澹台灵官轻哼一声,也不答话,将书摊在身旁草甸上。
月光正好照在那页,图文清晰可见。
她单手结了个清心除尘印,纤指如蝶翻飞,随即竟张口咬破舌尖,俯身便往杨炯唇上印去。
杨炯怔在原地,还未来得及思索,唇上便掠过一抹微凉的柔软。
气息交缠间,一缕混着檀香的血气悄然渡入,甜腥深处蕴着冰雪般的清冽,像一道被封存的火,蜿蜒而下,直坠丹田。
说也奇怪,那血气所过之处,小腹竟升起一股暖流,原本被阵法封锁的某处,似有松动之象。
他心中大骇:这法子竟真有用!
澹台灵官抬起头来,唇边尚有一丝血痕,在月光下艳如朱砂。
她眸中空灵依旧,却多了几分探究之色,似在观察杨炯变化。
不多时,杨炯心中叫苦不迭:锁阳阵若破,今夜怕是要被这女妖精吸成干尸!
求生之念一起,他猛地发力欲要挣脱。
可澹台灵官早有防备,一手按住他胸口,眼尾微挑,竟做出个威胁意味十足的表情。
她素来神色淡漠,这般神情做来虽有些生硬,却别有一种凛然气势:“再乱动,打晕你。”
杨炯知她说得出做得到,当下不敢再挣,苦着脸道:“你……你不会弄死我吧?”
澹台灵官却不理他,侧头去看书上图画,对照着摸索起来。
她于此事全然陌生,动作生涩笨拙,全凭书上线条依样画葫芦。
忽地“嘶”了一声,蹙眉看向杨炯,语气里满是疑惑:“你隐藏实力?为何能伤我?”
杨炯先是一愣,随即明白她所指,险些背过气去。
见木已成舟,索性破罐破摔,摊手道:“对对对,你说得都对!”
澹台灵官见他这般惫懒模样,竟一把将他薅起来,四目相对,认真道:“念!”
“念什么?”杨炯装傻。
“念口诀!”澹台灵官强调,“方才那段,‘坎离交泰运,龙虎自盘旋’。

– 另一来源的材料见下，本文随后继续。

lemma sign_projector_idempotent:
  assumes A: "A \<in> carrier_mat d d" and AA: "A * A = 1\<^sub>m d"
  shows "sign_projector d A b * sign_projector d A b = sign_projector d A b"
proof -
  define s where "s = complex_of_real (sgn_of b)"
  have "s * s = 1" unfolding s_def sgn_of_def by simp
  then have "(1\<^sub>m d + s \<cdot>\<^sub>m A) * (1\<^sub>m d + s \<cdot>\<^sub>m A) = 2 \<cdot>\<^sub>m (1\<^sub>m d + s \<cdot>\<^sub>m A)"
    using A unfolding one_plus_smult_mult[OF A A] AA by (intro eq_matI) auto
  then show ?thesis
    using A unfolding sign_projector_def s_def[symmetric]
    by (simp add: smult_mult_smult_mat[of _ d d _ d]) (rule eq_matI, auto)
qed

lemma sign_projectors_commute:
  assumes A: "A \<in> carrier_mat d d" and B: "B \<in> carrier_mat d d" and AB: "A * B = B * A"
  shows "sign_projector d A a * sign_projector d B b = sign_projector d B b * sign_projector d A a"
proof -
  define s t where "s = complex_of_real (sgn_of a)" and "t = complex_of_real (sgn_of b)"
  have "(1\<^sub>m d + s \<cdot>\<^sub>m A) * (1\<^sub>m d + t \<cdot>\<^sub>m B) = (1\<^sub>m d + t \<cdot>\<^sub>m B) * (1\<^sub>m d + s \<cdot>\<^sub>m A)"
    using A B unfolding one_plus_smult_mult[OF A B] one_plus_smult_mult[OF B A] AB
    by (intro eq_matI) auto
  then show ?thesis
    using A B unfolding sign_projector_def s_def[symmetric] t_def[symmetric]
    by (simp add: smult_mult_smult_mat[of _ d d _ d])
qed

lemma pauli_mat_carrier: "pauli_mat p \<in> carrier_mat (2^length p) (2^length p)"
  unfolding pauli_mat_def by simp

lemma pauli_entry_square:
  "(\<Sum>b\<in>UNIV. pauli_entry a r b * pauli_entry a b c) = (if r = c then 1 else 0)"
  by (cases a; cases r; cases c) (simp_all add: UNIV_bool)

lemma pauli_mat_square: "pauli_mat p * pauli_mat p = 1\<^sub>m (2^length p)"
proof (rule eq_matI)
  fix r c assume rc: "r < dim_row (1\<^sub>m (2^length p))" "c < dim_col (1\<^sub>m (2^length p))"
  let ?n = "length p"
  let ?e = "\<lambda>k. pauli_entry (p ! k)"
  let ?bit = "\<lambda>x k. odd (x div 2^k)"
  have "(pauli_mat p * pauli_mat p) $$ (r, c)
      = (\<Sum>x<(2::nat)^?n. \<Prod>k<?n. ?e k (?bit r k) (?bit x k) * ?e k (?bit x k) (?bit c k))"
    using rc unfolding pauli_mat_def by (simp add: scalar_prod_def atLeast0LessThan prod.distrib)
  also have "\<dots> = (\<Prod>k<?n. ?e k (?bit r k) False * ?e k False (?bit c k)
                                + ?e k (?bit r k) True * ?e k True (?bit c k))"
    by (rule sum_prod_low_bits)
  also have "\<dots> = (\<Prod>k<?n. if ?bit r k = ?bit c k then 1 else 0)"
    using pauli_entry_square by (simp add: UNIV_bool)
  also have "\<dots> = (if r = c then 1 else 0)"
  proof (cases "r = c")
    case False
    then obtain k where "k < ?n" "?bit r k \<noteq> ?bit c k"
      using nat_eq_if_low_bits_eq[of r ?n c] rc by auto
    then have "(\<Prod>k<?n. if ?bit r k = ?bit c k then 1 else 0) = (0::complex)"
      by (intro prod_zero) auto
    then show ?thesis using False by simp
  qed simp
  finally show "(pauli_mat p * pauli_mat p) $$ (r, c) = 1\<^sub>m (2^length p) $$ (r, c)"
    using rc by simp
qed (auto simp: pauli_mat_def)

lemma pauli_entry_cnj: "cnj (pauli_entry a r c) = pauli_entry a c r"
  by (cases a; cases r; cases c) simp_all

lemma pauli_mat_hermitian: "hermitian (pauli_mat p)"
  unfolding hermitian_def pauli_mat_def by (simp add: pauli_entry_cnj)

lemma pauli_sign_projector_carrier:
  "length p = n \<Longrightarrow> sign_projector (2^n) (pauli_mat p) b \<in> carrier_mat (2^n) (2^n)"
  using sign_projector_carrier[OF pauli_mat_carrier] by blast

lemma pauli_sign_projector_hermitian: "hermitian (sign_projector (2^length p) (pauli_mat p) b)"
  by (rule sign_projector_hermitian[OF pauli_mat_carrier pauli_mat_hermitian])

lemma pauli_sign_projector_idempotent:
  "sign_projector (2^length p) (pauli_mat p) b * sign_projector (2^length p) (pauli_mat p) b
     = sign_projector (2^length p) (pauli_mat p) b"
  by (rule sign_projector_idempotent[OF pauli_mat_carrier pauli_mat_square])

lemma pauli_sign_projectors_commute:
  assumes "length p = n" and "length q = n" and "commute p q"
  shows "sign_projector (2^n) (pauli_mat p) a * sign_projector (2^n) (pauli_mat q) b
       = sign_projector (2^n) (pauli_mat q) b * sign_projector (2^n) (pauli_mat p) a"
  using assms pauli_mat_carrier[of p] pauli_mat_carrier[of q]
  by (intro sign_projectors_commute) (auto simp: commute_def)

section \<open>Born probabilities of commuting families\<close>

definition commuting_family :: "nat \<Rightarrow> (nat \<Rightarrow> pauli list) \<Rightarrow> nat set \<Rightarrow> bool" where
  "commuting_family n P S \<longleftrightarrow>
     finite S \<and> (\<forall>i\<in>S. length (P i) = n) \<and> (\<forall>i\<in>S. \<forall>k\<in>S. commute (P i) (P k))"

lemma commuting_family_subset: "commuting_family n P T \<Longrightarrow> S \<subseteq> T \<Longrightarrow> commuting_family n P S"
  unfolding commuting_family_def by (auto intro: finite_subset)

lemma foldr_mult_carrier:
  "\<forall>i\<in>set l. F i \<in> carrier_mat d d \<Longrightarrow> foldr (\<lambda>i A. F i * A) l (1\<^sub>m d) \<in> carrier_mat d d"
  by (induction l) auto

lemma foldr_mult_insort:
  assumes "\<forall>i\<in>set l. F i \<in> carrier_mat d d" and Fa: "F a \<in> carrier_mat d d"
    and "\<forall>i\<in>set l. F a * F i = F i * F a"
  shows "foldr (\<lambda>i A. F i * A) (insort a l) (1\<^sub>m d) = F a * foldr (\<lambda>i A. F i * A) l (1\<^sub>m d)"
  using assms
proof (induction l)
  case (Cons x l)
  let ?Q = "foldr (\<lambda>i A. F i * A) l (1\<^sub>m d)"
  have Fx: "F x \<in> carrier_mat d d" and Q: "?Q \<in> carrier_mat d d"
    using Cons.prems(1) foldr_mult_carrier[of l F d] by auto
  have comm: "F x * F a = F a * F x" using Cons.prems(3) by simp
  have "F x * (F a * ?Q) = (F x * F a) * ?Q"
    using assoc_mult_mat[OF Fx Fa Q] by simp
  also have "\<dots> = F a * (F x * ?Q)"
    unfolding comm using assoc_mult_mat[OF Fa Fx Q] .
  finally show ?case using Cons by simp
qed simp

”
杨炯见她一本正经在这当口还要念经,又好气又好笑,一股邪火忽地上涌,哼道:“念个屁!今日就让你见识见识何为真本事!”
话音刚落,人已翻过身来。
这一下变故突然,澹台灵官猝不及防,轻呼一声,手中《泥丸录》险些脱手。
她正要挣扎,却觉杨炯动作虽猛,力道拿捏却奇准,竟与书上某幅图画暗合。
当下也不再抗拒,只睁着一双明眸看他,似在观察学习。
也不知过了多久,杨炯浑身大汗淋漓,瘫倒在草甸上,大口喘气。
侧头看去,澹台灵官躺在一旁,肌肤泛着淡淡红晕,如玉生暖,莹润光泽。
她脖颈处仅有一层细密汗珠,在月光下如露滚荷瓣,呼吸平稳悠长,竟未曾耗费半分气力。
她转过头来,眸中疑惑未消:“你很累?”
杨炯闻言,差点吐出血来,咬牙道:“不累!”
“哦。”澹台灵官点点头,忽又翻身压上来,双手撑在他耳侧,长发垂落扫过他脸颊,“方才你没念口诀,不算!重新来。”
“啊?!”杨炯瞠目结舌。
“念。”澹台灵官语气平静,却不容置疑。
杨炯知她性子,只得苦笑:“念念念……坎宫藏真虎,灵根润玄珠……”
“看着我念。”澹台灵官忽然道,同时将他的脸转向自己。
四目相对,杨炯见她眸中映着月光星河,澄澈依旧,却似多了些什么说不清道不明的东西。
当下收敛心神,一字一句诵出口诀。
澹台灵官亦低声相和,二人气息渐渐交融。
这一回与先前不同,澹台灵官似开了窍,动作虽仍有些生涩,却已懂得配合。
她一边默念口诀,一边仔细体察周身变化。
初时只觉暖流自丹田升起,循经脉游走,如春溪破冰,涓涓细流汇成江河。渐渐地,那暖流愈来愈盛,冲关破隘,竟在体内形成周天循环。
杨炯起初还存着敷衍之心,渐渐也被带入其中。
但觉二人气息交融,竟生出一种玄妙感应,仿佛心神相通,彼此血脉心跳皆能感知。他于双修之道本只知皮毛,此刻福至心灵,竟无师自通,动作愈发契合自然。
又不知过了多久,杨炯彻底没了气力,四仰八叉躺在草甸上,连手指都不想动一下。
心中悲叹:这澹台灵官莫非真是妖精化身?怎的这般能熬,简直是要人命了。
侧目看去,澹台灵官坐起身来,黑衣松松垮垮披在肩上,露出白皙肩颈。她面色红润如九月乌龙葵,眼眸亮得出奇,不见平日睥睨众生的疏离,倒多了几分人间烟火气。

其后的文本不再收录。